WORK REQUEST:
Print nothing except the lines of the listing below from the line with "('a::zero)^4) $ 3" to the line with "- A$1$4 * A$2$1", each exactly as written, both ends included.

INFORMATION SHOWN:

(* Let $Q=[0,L]\times[0,1]$ with $L\ge1$, uniform density $\phi\equiv1$, $n=2$ generators, and $\mathcal H(p_1,p_2)=\int_Q\min_{i=1,2}\|q-p_i\|^2dq$. Consider the centroidal Voronoi configuration $p_1=(L/2,1/4)$, $p_2=(L/2,3/4)$, whose Voronoi cells are the two halves of $Q$ separated by the segment joining the midpoints of the two sides of length 1. If $L>\sqrt{3/2}$, the Hessian $\nabla^2\mathcal H$ at this configuration has exactly one negative eigenvalue; if $L=\sqrt{3/2}$, it has a zero eigenvalue.
   Context: The Voronoi cell of $p_i$ is $V_i=\{q\in Q:\|q-p_i\|\le\|q-p_j\|\ \forall j\}$; a configuration is centroidal if each $p_i$ is the centroid of $V_i$. The Hessian is with respect to $(p_1,p_2)\in\mathbb{R}^4$. *)

theory Defs
  imports "HOL-Analysis.Analysis" "HOL-Computational_Algebra.Polynomial"
begin

definition rectQ :: "real \<Rightarrow> (real^2) set" where
  "rectQ L = cbox (vector [0, 0]) (vector [L, 1])"

definition Hcost :: "real \<Rightarrow> real^2 \<Rightarrow> real^2 \<Rightarrow> real" where
  "Hcost L p1 p2 = integral (rectQ L) (\<lambda>q. min ((norm (q - p1))\<^sup>2) ((norm (q - p2))\<^sup>2))"

definition Hflat :: "real \<Rightarrow> real^4 \<Rightarrow> real" where
  "Hflat L z = Hcost L (vector [z$1, z$2]) (vector [z$3, z$4])"

definition partial_deriv :: "'n::finite \<Rightarrow> (real^'n \<Rightarrow> real) \<Rightarrow> real^'n \<Rightarrow> real" where
  "partial_deriv i f z = deriv (\<lambda>t. f (z + t *\<^sub>R axis i 1)) 0"

definition hessian :: "(real^'n::finite \<Rightarrow> real) \<Rightarrow> real^'n \<Rightarrow> real^'n^'n" where
  "hessian f z = (\<chi> i j. partial_deriv i (partial_deriv j f) z)"

definition is_eigenvalue :: "real^'n::finite^'n \<Rightarrow> real \<Rightarrow> bool" where
  "is_eigenvalue A c \<longleftrightarrow> (\<exists>v. v \<noteq> 0 \<and> A *v v = c *\<^sub>R v)"

definition charpoly :: "real^'n::finite^'n \<Rightarrow> real poly" where
  "charpoly A = det (\<chi> i j. (if i = j then [:0, 1:] else 0) - [:A$i$j:])"

definition num_neg_eigenvalues :: "real^'n::finite^'n \<Rightarrow> nat" where
  "num_neg_eigenvalues A =
     (\<Sum>c\<in>{c. c < 0 \<and> is_eigenvalue A c}. order c (charpoly A))"

end

theory Submission
  imports Defs
begin

text \<open>
  While the generators stay close to the symmetric configuration, the perpendicular bisector of
  \<open>p\<^sub>1\<close> and \<open>p\<^sub>2\<close> is the graph of a function \<open>y = e - k x\<close> with values in \<open>[0,1]\<close>
  on \<open>[0,L]\<close>. Integrating column by column then gives the energy in closed form there, and
  differentiating twice at the symmetric configuration yields, in coordinates
  \<open>(x\<^sub>1,y\<^sub>1,x\<^sub>2,y\<^sub>2)\<close>, a Hessian that is invariant under exchanging the generators and
  decouples the \<open>x\<close>- and \<open>y\<close>-coordinates. Its eigenvalues are
  \<open>L\<close>, \<open>L/2\<close>, \<open>L\<close> and \<open>L (1 - 2L\<^sup>2/3)\<close>; only the last can be negative or zero, and it is
  negative exactly for \<open>L > \<surd>(3/2)\<close>, simple, and zero for \<open>L = \<surd>(3/2)\<close>.
\<close>

section \<open>Matrices invariant under exchanging two generators\<close>

lemma vector_4 [simp]:
  "(vector [x,y,z,w] :: ('a::zero)^4) $ 1 = x"
  "(vector [x,y,z,w] :: ('a::zero)^4) $ 2 = y"
  "(vector [x,y,z,w] :: ('a::zero)^4) $ 3 = z"
  "(vector [x,y,z,w] :: ('a::zero)^4) $ 4 = w"
  unfolding vector_def by simp_all

lemma det_4:
  "det (A::'a::comm_ring_1^4^4) =
    A$1$1 * A$2$2 * A$3$3 * A$4$4 - A$1$1 * A$2$2 * A$3$4 * A$4$3
  - A$1$1 * A$2$3 * A$3$2 * A$4$4 + A$1$1 * A$2$3 * A$3$4 * A$4$2
  + A$1$1 * A$2$4 * A$3$2 * A$4$3 - A$1$1 * A$2$4 * A$3$3 * A$4$2
  - A$1$2 * A$2$1 * A$3$3 * A$4$4 + A$1$2 * A$2$1 * A$3$4 * A$4$3
  + A$1$2 * A$2$3 * A$3$1 * A$4$4 - A$1$2 * A$2$3 * A$3$4 * A$4$1
  - A$1$2 * A$2$4 * A$3$1 * A$4$3 + A$1$2 * A$2$4 * A$3$3 * A$4$1
  + A$1$3 * A$2$1 * A$3$2 * A$4$4 - A$1$3 * A$2$1 * A$3$4 * A$4$2
  - A$1$3 * A$2$2 * A$3$1 * A$4$4 + A$1$3 * A$2$2 * A$3$4 * A$4$1
  + A$1$3 * A$2$4 * A$3$1 * A$4$2 - A$1$3 * A$2$4 * A$3$2 * A$4$1
  - A$1$4 * A$2$1 * A$3$2 * A$4$3 + A$1$4 * A$2$1 * A$3$3 * A$4$2
  + A$1$4 * A$2$2 * A$3$1 * A$4$3 - A$1$4 * A$2$2 * A$3$3 * A$4$1
  - A$1$4 * A$2$3 * A$3$1 * A$4$2 + A$1$4 * A$2$3 * A$3$2 * A$4$1"
proof -
  have f1: "finite {2::4, 3, 4}" "1 \<notin> {2::4, 3, 4}" by auto
  have f2: "finite {3::4, 4}" "2 \<notin> {3::4, 4}" by auto
  have f3: "finite {4::4}" "3 \<notin> {4::4}" by auto
  show ?thesis
    unfolding det_def UNIV_4
    unfolding sum_over_permutations_insert[OF f1]
    unfolding sum_over_permutations_insert[OF f2]
    unfolding sum_over_permutations_insert[OF f3]
    unfolding permutes_sing
    by (simp add: sign_swap_id permutation_swap_id permutation_compose sign_compose sign_id
        swap_id_eq algebra_simps)
qed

RESPONSE TO THIS TASK:
  "(vector [x,y,z,w] :: ('a::zero)^4) $ 3 = z"
  "(vector [x,y,z,w] :: ('a::zero)^4) $ 4 = w"
  unfolding vector_def by simp_all

lemma det_4:
  "det (A::'a::comm_ring_1^4^4) =
    A$1$1 * A$2$2 * A$3$3 * A$4$4 - A$1$1 * A$2$2 * A$3$4 * A$4$3
  - A$1$1 * A$2$3 * A$3$2 * A$4$4 + A$1$1 * A$2$3 * A$3$4 * A$4$2
  + A$1$1 * A$2$4 * A$3$2 * A$4$3 - A$1$1 * A$2$4 * A$3$3 * A$4$2
  - A$1$2 * A$2$1 * A$3$3 * A$4$4 + A$1$2 * A$2$1 * A$3$4 * A$4$3
  + A$1$2 * A$2$3 * A$3$1 * A$4$4 - A$1$2 * A$2$3 * A$3$4 * A$4$1
  - A$1$2 * A$2$4 * A$3$1 * A$4$3 + A$1$2 * A$2$4 * A$3$3 * A$4$1
  + A$1$3 * A$2$1 * A$3$2 * A$4$4 - A$1$3 * A$2$1 * A$3$4 * A$4$2
  - A$1$3 * A$2$2 * A$3$1 * A$4$4 + A$1$3 * A$2$2 * A$3$4 * A$4$1
  + A$1$3 * A$2$4 * A$3$1 * A$4$2 - A$1$3 * A$2$4 * A$3$2 * A$4$1
  - A$1$4 * A$2$1 * A$3$2 * A$4$3 + A$1$4 * A$2$1 * A$3$3 * A$4$2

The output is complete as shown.